■ **What is required**
Go to the line containing "using partner simple_graph_sym[OF" in the records below and print it and every following line exactly, on through the line containing "by (rule gamma_t_le_card)", then stop.

(Stored dataset items)
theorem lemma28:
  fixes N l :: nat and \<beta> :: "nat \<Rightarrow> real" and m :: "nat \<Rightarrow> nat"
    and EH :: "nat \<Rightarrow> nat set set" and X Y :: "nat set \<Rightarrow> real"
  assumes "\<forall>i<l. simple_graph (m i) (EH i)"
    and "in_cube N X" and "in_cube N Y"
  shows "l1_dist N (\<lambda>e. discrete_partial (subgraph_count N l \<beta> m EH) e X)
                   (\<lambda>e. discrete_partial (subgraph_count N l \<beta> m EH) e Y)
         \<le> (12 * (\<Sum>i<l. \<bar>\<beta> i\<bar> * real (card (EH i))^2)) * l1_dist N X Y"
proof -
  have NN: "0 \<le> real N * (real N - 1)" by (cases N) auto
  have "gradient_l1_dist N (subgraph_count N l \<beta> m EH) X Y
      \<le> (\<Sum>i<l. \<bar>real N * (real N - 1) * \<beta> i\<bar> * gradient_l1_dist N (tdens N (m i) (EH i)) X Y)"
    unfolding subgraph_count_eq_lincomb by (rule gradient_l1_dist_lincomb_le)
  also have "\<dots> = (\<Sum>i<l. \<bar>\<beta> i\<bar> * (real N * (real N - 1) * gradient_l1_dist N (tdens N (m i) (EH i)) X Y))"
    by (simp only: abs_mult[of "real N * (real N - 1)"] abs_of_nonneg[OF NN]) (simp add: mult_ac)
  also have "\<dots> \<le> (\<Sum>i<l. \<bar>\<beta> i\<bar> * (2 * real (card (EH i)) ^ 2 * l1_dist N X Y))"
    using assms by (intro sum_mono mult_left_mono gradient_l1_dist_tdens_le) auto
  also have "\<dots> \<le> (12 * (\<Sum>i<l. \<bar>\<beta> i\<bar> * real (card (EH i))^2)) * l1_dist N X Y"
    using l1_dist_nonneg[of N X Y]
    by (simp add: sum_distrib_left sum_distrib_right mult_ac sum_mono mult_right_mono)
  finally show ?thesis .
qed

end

==

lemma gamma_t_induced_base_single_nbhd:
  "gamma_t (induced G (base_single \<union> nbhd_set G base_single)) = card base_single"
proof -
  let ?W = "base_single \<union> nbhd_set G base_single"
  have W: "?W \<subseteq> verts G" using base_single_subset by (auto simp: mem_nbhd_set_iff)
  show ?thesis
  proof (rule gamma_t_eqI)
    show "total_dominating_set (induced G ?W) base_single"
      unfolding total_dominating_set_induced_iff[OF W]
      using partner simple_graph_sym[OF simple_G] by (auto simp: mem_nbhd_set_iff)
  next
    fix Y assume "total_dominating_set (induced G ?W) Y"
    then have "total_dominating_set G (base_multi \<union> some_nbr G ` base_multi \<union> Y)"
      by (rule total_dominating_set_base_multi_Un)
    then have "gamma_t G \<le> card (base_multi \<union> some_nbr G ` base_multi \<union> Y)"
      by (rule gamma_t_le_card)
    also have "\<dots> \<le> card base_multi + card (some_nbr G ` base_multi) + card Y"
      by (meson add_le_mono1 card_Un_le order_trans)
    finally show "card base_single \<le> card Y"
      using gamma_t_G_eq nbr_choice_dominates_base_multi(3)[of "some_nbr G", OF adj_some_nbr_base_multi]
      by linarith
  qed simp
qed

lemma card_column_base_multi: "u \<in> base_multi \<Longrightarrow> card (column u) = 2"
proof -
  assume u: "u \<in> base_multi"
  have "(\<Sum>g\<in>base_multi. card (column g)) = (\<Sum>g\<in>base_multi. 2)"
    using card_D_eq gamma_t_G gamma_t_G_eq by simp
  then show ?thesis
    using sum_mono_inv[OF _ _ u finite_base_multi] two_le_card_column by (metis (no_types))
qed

...

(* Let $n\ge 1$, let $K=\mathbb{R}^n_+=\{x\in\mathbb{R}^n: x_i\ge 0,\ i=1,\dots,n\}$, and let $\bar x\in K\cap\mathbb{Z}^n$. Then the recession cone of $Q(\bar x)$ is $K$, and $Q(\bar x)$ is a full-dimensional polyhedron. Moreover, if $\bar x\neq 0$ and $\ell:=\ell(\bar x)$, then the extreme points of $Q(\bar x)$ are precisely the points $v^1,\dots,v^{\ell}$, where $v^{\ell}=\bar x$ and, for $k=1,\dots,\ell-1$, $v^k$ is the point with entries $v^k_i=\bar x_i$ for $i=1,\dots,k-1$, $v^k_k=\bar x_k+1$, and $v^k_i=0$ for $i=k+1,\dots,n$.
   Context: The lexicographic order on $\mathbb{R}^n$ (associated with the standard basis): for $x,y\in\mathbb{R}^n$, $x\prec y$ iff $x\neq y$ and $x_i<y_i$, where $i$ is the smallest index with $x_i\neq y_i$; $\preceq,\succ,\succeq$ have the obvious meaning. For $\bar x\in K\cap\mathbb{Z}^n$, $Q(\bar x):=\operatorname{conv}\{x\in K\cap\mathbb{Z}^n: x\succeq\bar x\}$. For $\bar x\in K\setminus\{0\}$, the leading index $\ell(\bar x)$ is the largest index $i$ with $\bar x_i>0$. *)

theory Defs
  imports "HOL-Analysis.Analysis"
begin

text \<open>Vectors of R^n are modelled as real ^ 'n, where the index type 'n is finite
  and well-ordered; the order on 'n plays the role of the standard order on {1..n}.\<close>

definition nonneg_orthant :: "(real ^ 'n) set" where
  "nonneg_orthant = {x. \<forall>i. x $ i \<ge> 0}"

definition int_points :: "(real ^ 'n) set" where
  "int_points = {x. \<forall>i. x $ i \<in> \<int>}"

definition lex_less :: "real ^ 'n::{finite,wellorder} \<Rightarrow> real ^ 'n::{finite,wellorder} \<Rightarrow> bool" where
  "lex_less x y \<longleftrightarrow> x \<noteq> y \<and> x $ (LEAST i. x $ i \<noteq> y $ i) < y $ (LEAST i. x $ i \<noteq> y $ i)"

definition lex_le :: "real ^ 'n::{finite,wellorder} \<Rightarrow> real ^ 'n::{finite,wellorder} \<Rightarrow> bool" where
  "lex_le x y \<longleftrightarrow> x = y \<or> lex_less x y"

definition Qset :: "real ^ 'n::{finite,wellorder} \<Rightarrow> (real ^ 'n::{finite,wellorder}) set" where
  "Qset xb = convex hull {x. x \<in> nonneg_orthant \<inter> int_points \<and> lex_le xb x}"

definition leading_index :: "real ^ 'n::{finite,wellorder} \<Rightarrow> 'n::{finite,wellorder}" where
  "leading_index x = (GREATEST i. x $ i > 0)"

■ **Response area**
      using partner simple_graph_sym[OF simple_G] by (auto simp: mem_nbhd_set_iff)
  next
    fix Y assume "total_dominating_set (induced G ?W) Y"
    then have "total_dominating_set G (base_multi \<union> some_nbr G ` base_multi \<union> Y)"
      by (rule total_dominating_set_base_multi_Un)
    then have "gamma_t G \<le> card (base_multi \<union> some_nbr G ` base_multi \<union> Y)"
      by (rule gamma_t_le_card)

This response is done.